Working: Passes through fixed point means $s = 0$ (assuming fixed point is origin, or displacement from it is zero). $2t^3 - 15t^2 + 24t + 8 = 0$ Try $t = 2$ : $2(8) - 15(4) + 24(2) + 8 = 16 - 60 + 48 + 8 = 12 \neq 0$ Try $t = 4$ : $2(64) - 15(16) + 24(4) + 8 = 128 - 240 + 96 + 8 = -8 \neq 0$ Try $t = -0.5$ : not in domain.

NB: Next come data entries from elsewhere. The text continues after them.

section \<open>lambda_s as a ratio of consecutive gaps\<close>

lemma lambda_mean_gap_ratio:
  assumes "0 < a" "a < b"
  shows "lambda_mean s a b =
           midpoint_gap (convex_power (s + 1)) a b / midpoint_gap (convex_power s) a b"
proof -
  have ne: "a \<noteq> b" using assms by simp
  consider "s = -1" | "s = 0" | "s = 1" | "s \<noteq> -1" "s \<noteq> 0" "s \<noteq> 1" by blast
  then show ?thesis
  proof cases
    case 1
    then show ?thesis using assms
      by (simp add: lambda_mean_def convex_power_gap_closed_form powr_neg_one field_simps)
  next
    case 2
    then show ?thesis using ne by (simp add: lambda_mean_def convex_power_gap_closed_form)
  next
    case 3
    then show ?thesis using ne assms
      by (simp add: lambda_mean_def convex_power_gap_2 divide_divide_eq_left
          convex_power_gap_closed_form[of 1])
  next
    case 4
    define x where "x = a powr (s + 1) + b powr (s + 1) - 2 * ((a + b) / 2) powr (s + 1)"
    define y where "y = a powr s + b powr s - 2 * ((a + b) / 2) powr s"
    have "lambda_mean s a b = (s - 1) / (s + 1) * (x / y)"
      using 4 ne by (simp add: lambda_mean_def x_def y_def)
    also have "\<dots> = (s * ((s - 1) * x)) / (s * ((s + 1) * y))"
      using 4 by simp
    also have "\<dots> = (x / ((s + 1) * s)) / (y / (s * (s - 1)))"
      by (simp add: ac_simps)
    also have "\<dots> = midpoint_gap (convex_power (s + 1)) a b / midpoint_gap (convex_power s) a b"
      using 4 by (simp add: convex_power_gap_closed_form x_def y_def)
    finally show ?thesis .
  qed
qed

text \<open>The mean is symmetric in a and b, so a < b may be assumed.\<close>
lemma lambda_mean_sym: "lambda_mean s a b = lambda_mean s b a"
  by (simp add: lambda_mean_def add.commute power2_commute)

section \<open>Monotonicity of moment ratios\<close>

lemma moment_ratio_mono:
  fixes w M :: "real \<Rightarrow> real"
  assumes a: "0 < a"
    and w_nonneg: "\<And>t. t \<in> {a..b} \<Longrightarrow> w t \<ge> 0"
    and moment: "\<And>x. ((\<lambda>t. w t * t powr x) has_integral M x) {a..b}"
    and M_pos: "\<And>x. M x > 0"
    and sr: "s \<le> r"
  shows "M (s + 1) / M s \<le> M (r + 1) / M r"
proof -
  define d where "d = r - s"
  define \<mu> where "\<mu> = M (s + 1) / M s"
  have d: "d \<ge> 0" using sr by (simp add: d_def)
  have \<mu>: "\<mu> > 0" using M_pos by (simp add: \<mu>_def)
  text \<open>The combination below is the integral of w t^s (t - mu)(t^d - mu^d) >= 0.\<close>
  have comb: "((\<lambda>t. w t * t powr (r + 1) - \<mu> * (w t * t powr r)
        - \<mu> powr d * (w t * t powr (s + 1)) + \<mu> powr (d + 1) * (w t * t powr s)) has_integral
      (M (r + 1) - \<mu> * M r - \<mu> powr d * M (s + 1) + \<mu> powr (d + 1) * M s)) {a..b}"
    by (intro has_integral_add has_integral_diff has_integral_mult_right moment)
  have factor: "w t * t powr (r + 1) - \<mu> * (w t * t powr r)
        - \<mu> powr d * (w t * t powr (s + 1)) + \<mu> powr (d + 1) * (w t * t powr s)
      = w t * t powr s * ((t - \<mu>) * (t powr d - \<mu> powr d))" if "t > 0" for t
  proof -
    have "r + 1 = s + d + 1" "r = s + d" by (simp_all add: d_def)
    then show ?thesis using that \<mu> by (simp add: powr_add algebra_simps)
  qed
  have integrand_nonneg: "0 \<le> w t * t powr s * ((t - \<mu>) * (t powr d - \<mu> powr d))"
    if t: "t \<in> {a..b}" for t
  proof -
    have tp: "t > 0" using t a by auto
    have "(t - \<mu>) * (t powr d - \<mu> powr d) \<ge> 0"
    proof (cases "t \<le> \<mu>")
      case True
      then have "t powr d \<le> \<mu> powr d" using tp d by (intro powr_mono2) auto
      then show ?thesis using True by (simp add: mult_nonpos_nonpos)
    next
      case False
      then have "\<mu> powr d \<le> t powr d" using \<mu> d by (intro powr_mono2) auto
      then show ?thesis using False by simp
    qed
    then show ?thesis using w_nonneg[OF t] by simp
  qed
  have "0 \<le> M (r + 1) - \<mu> * M r - \<mu> powr d * M (s + 1) + \<mu> powr (d + 1) * M s"
    using a by (intro has_integral_nonneg[OF has_integral_eq[OF _ comb]])
      (auto simp: factor integrand_nonneg)
  moreover have "\<mu> powr d * M (s + 1) = \<mu> powr (d + 1) * M s"
  proof -
    have "M (s + 1) = \<mu> * M s" using M_pos[of s] by (simp add: \<mu>_def)
    then show ?thesis using \<mu> by (simp add: powr_add)
  qed
  ultimately have "\<mu> * M r \<le> M (r + 1)" by linarith
  then show ?thesis using M_pos[of r] by (simp add: \<mu>_def pos_le_divide_eq)
qed

lemma lambda_mean_mono_ordered:
  assumes "0 < a" "a < b" "s \<le> r"
  shows "lambda_mean s a b \<le> lambda_mean r a b"
proof -
  define M where "M x = midpoint_gap (convex_power (x + 2)) a b" for x
  have "M (s - 2 + 1) / M (s - 2) \<le> M (r - 2 + 1) / M (r - 2)"
  proof (rule moment_ratio_mono[where w = "midpoint_kernel a b"])
    show "((\<lambda>t. midpoint_kernel a b t * t powr x) has_integral M x) {a..b}" for x
      using convex_power_gap_integral[OF assms(1,2), of "x + 2"] by (simp add: M_def)
    show "M x > 0" for x
      unfolding M_def by (rule convex_power_gap_pos[OF assms(1,2)])
  qed (use assms midpoint_kernel_nonneg in auto)
  moreover have "M (x - 2 + 1) = midpoint_gap (convex_power (x + 1)) a b"
    and "M (x - 2) = midpoint_gap (convex_power x) a b" for x
    unfolding M_def by (simp_all add: add.commute)
  ultimately show ?thesis
    by (simp add: lambda_mean_gap_ratio[OF assms(1,2)])
qed

theorem theorem3:
  fixes a b :: real
  assumes "a > 0" and "b > 0"
  shows "mono (\<lambda>s. lambda_mean s a b)"
proof (rule monoI)
  fix s r :: real assume sr: "s \<le> r"
  consider "a = b" | "a < b" | "b < a" by linarith
  then show "lambda_mean s a b \<le> lambda_mean r a b"
  proof cases
    case 1
    then show ?thesis by (simp add: lambda_mean_def)
  next
    case 2
    then show ?thesis by (rule lambda_mean_mono_ordered[OF assms(1) _ sr])
  next
    case 3
    then show ?thesis
      using lambda_mean_mono_ordered[OF assms(2) 3 sr] by (simp add: lambda_mean_sym[of _ a b])
  qed
qed

end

Factor theorem: try $t = 2$ gave 12, try $t = 4$ gave -8, try $t = 0.5$ : $2(0.125) - 15(0.25) + 24(0.5) + 8 = 0.25 - 3.75 + 12 + 8 = 16.5 \neq 0$ Try $t = -1$ : $-2 - 15 - 24 + 8 = -33$ Try $t = -2$ : $-16 - 60 - 48 + 8 = -116$ Try $t = 8$ : $1024 - 960 + 192 + 8 = 264$ No obvious integer root. Use calculator to solve cubic: $2t^3 - 15t^2 + 24t + 8 = 0$ . Roots: $t \approx -0.276, 2.44, 5.84$ (3 sf). Only $t=2.44$ and $t=5.84$ are positive. But domain not specified; assume $t \ge 0$ . Answer: $t = 2.44, 5.84$ (or exact if factorable; accept 3 sf)

Alternative interpretation: "Passes through the fixed point" might mean $s = 8$ (initial position). Then $2t^3 - 15t^2 + 24t + 8 = 8 \Rightarrow 2t^3 - 15t^2 + 24t = 0 \Rightarrow t(2t^2 - 15t + 24) = 0 \Rightarrow t=0, t = \frac{15 \pm \sqrt{225 - 192}}{4} = \frac{15 \pm \sqrt{33}}{4} \approx 2.19, 5.31$ . This is more typical. Answer: $t = 0, \frac{15 \pm \sqrt{33}}{4}$ (or 0, 2.19, 5.31)

Marking: M1 for setting s=8 (or s=0), M1 for forming cubic/quadratic, M1 for solving, A1 for all valid t values.